■ **Work item**:
Lines to return, exactly: from the line with "real k))\<bar> \<le>" to the line with "using bounded_on_closure[OF X_cont]" in the entries below, both included.

┄┄┄┄┄┄

theorem scaled_cutoff_gradient_bound:
  "\<exists>C>0. \<forall>k. \<forall>\<sigma>\<in>frontier \<Omega>. \<forall>r. 0 < r \<and> r < real k * \<epsilon> \<longrightarrow>
     real k powr (s - 1) * \<bar>g0 k (\<Psi> \<sigma> (r / real k))\<bar> \<le> C * (r powr (s - 1) + r powr (s - 1 + \<alpha>))"
proof -
  obtain MX where MX: "0 \<le> MX" "\<And>x. x \<in> closure \<Omega> \<Longrightarrow> norm (X x) \<le> MX"
    using bounded_on_closure[OF X_cont] by blast
  have "continuous_on (closure \<Omega>) (\<lambda>x. \<psi> x * (G x \<bullet> X x))"
    using continuous_on_subset[OF G_cont] by (intro continuous_intros \<psi>_cont X_cont) auto
  then obtain M where M: "0 \<le> M" "\<And>x. x \<in> closure \<Omega> \<Longrightarrow> norm (\<psi> x * (G x \<bullet> X x)) \<le> M"
    using bounded_on_closure by blast
  obtain B where B: "0 \<le> B" "\<And>r. 0 < r \<Longrightarrow> \<bar>profile_deriv r\<bar> \<le> B * r powr (s - 1)"
    using profile_deriv_bound by blast
  define C where "C = c * MX + B * M + 1"
  have "0 < C" unfolding C_def using c_nonneg MX(1) B(1) M(1) by (simp add: add_nonneg_pos)
  moreover have "real k powr (s - 1) * \<bar>g0 k (\<Psi> \<sigma> (r / real k))\<bar>
      \<le> C * (r powr (s - 1) + r powr (s - 1 + \<alpha>))"
    if \<sigma>: "\<sigma> \<in> frontier \<Omega>" and r: "0 < r" "r < real k * \<epsilon>" for k \<sigma> r
  proof -
    define p where "p = \<Psi> \<sigma> (r / real k)"
    have k: "0 < real k" and "p \<in> closure \<Omega>"
      using Psi_scaled[OF \<sigma> r] closure_subset unfolding p_def by auto
    have "1 \<le> real k powr \<alpha>" using k \<alpha>_pos by (intro ge_one_powr_ge_zero) auto
    then have "real k powr (- \<alpha>) \<le> 1" by (simp add: powr_minus_divide divide_le_eq)
    then have "c * MX * r powr (s - 1 + \<alpha>) * real k powr (- \<alpha>) \<le> c * MX * r powr (s - 1 + \<alpha>)"
      using c_nonneg MX(1) by (intro mult_left_le) auto
    with scaled_remainder_bound[OF \<sigma> r MX(2), folded p_def]
    have remainder: "\<bar>r powr s / real k * (1 - \<rho> r) * frechet_derivative \<psi> (at p) (X p)\<bar>
        \<le> c * MX * r powr (s - 1 + \<alpha>)" by linarith
    have main: "\<bar>profile_deriv r * \<psi> p * (G p \<bullet> X p)\<bar> \<le> B * r powr (s - 1) * M"
      unfolding abs_mult mult.assoc[of "profile_deriv r"]
      using B(2)[OF r(1)] M(2)[OF \<open>p \<in> closure \<Omega>\<close>] by (intro mult_mono) (auto simp: abs_mult)
    have "real k powr (s - 1) * \<bar>g0 k p\<bar> = \<bar>real k powr (s - 1) * g0 k p\<bar>"
      by (simp add: abs_mult)
    also have "\<dots> \<le> c * MX * r powr (s - 1 + \<alpha>) + B * r powr (s - 1) * M"
      using scaled_cutoff_gradient[OF \<sigma> r, folded p_def] remainder main by linarith
    also have "\<dots> \<le> C * (r powr (s - 1) + r powr (s - 1 + \<alpha>))"
      unfolding C_def using c_nonneg MX(1) B(1) M(1) by (simp add: algebra_simps)
    finally show ?thesis unfolding p_def .
  qed
  ultimately show ?thesis by blast
qed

┄┄┄┄┄┄

■ **Task output**:
     real k powr (s - 1) * \<bar>g0 k (\<Psi> \<sigma> (r / real k))\<bar> \<le> C * (r powr (s - 1) + r powr (s - 1 + \<alpha>))"
proof -
  obtain MX where MX: "0 \<le> MX" "\<And>x. x \<in> closure \<Omega> \<Longrightarrow> norm (X x) \<le> MX"
    using bounded_on_closure[OF X_cont] by blast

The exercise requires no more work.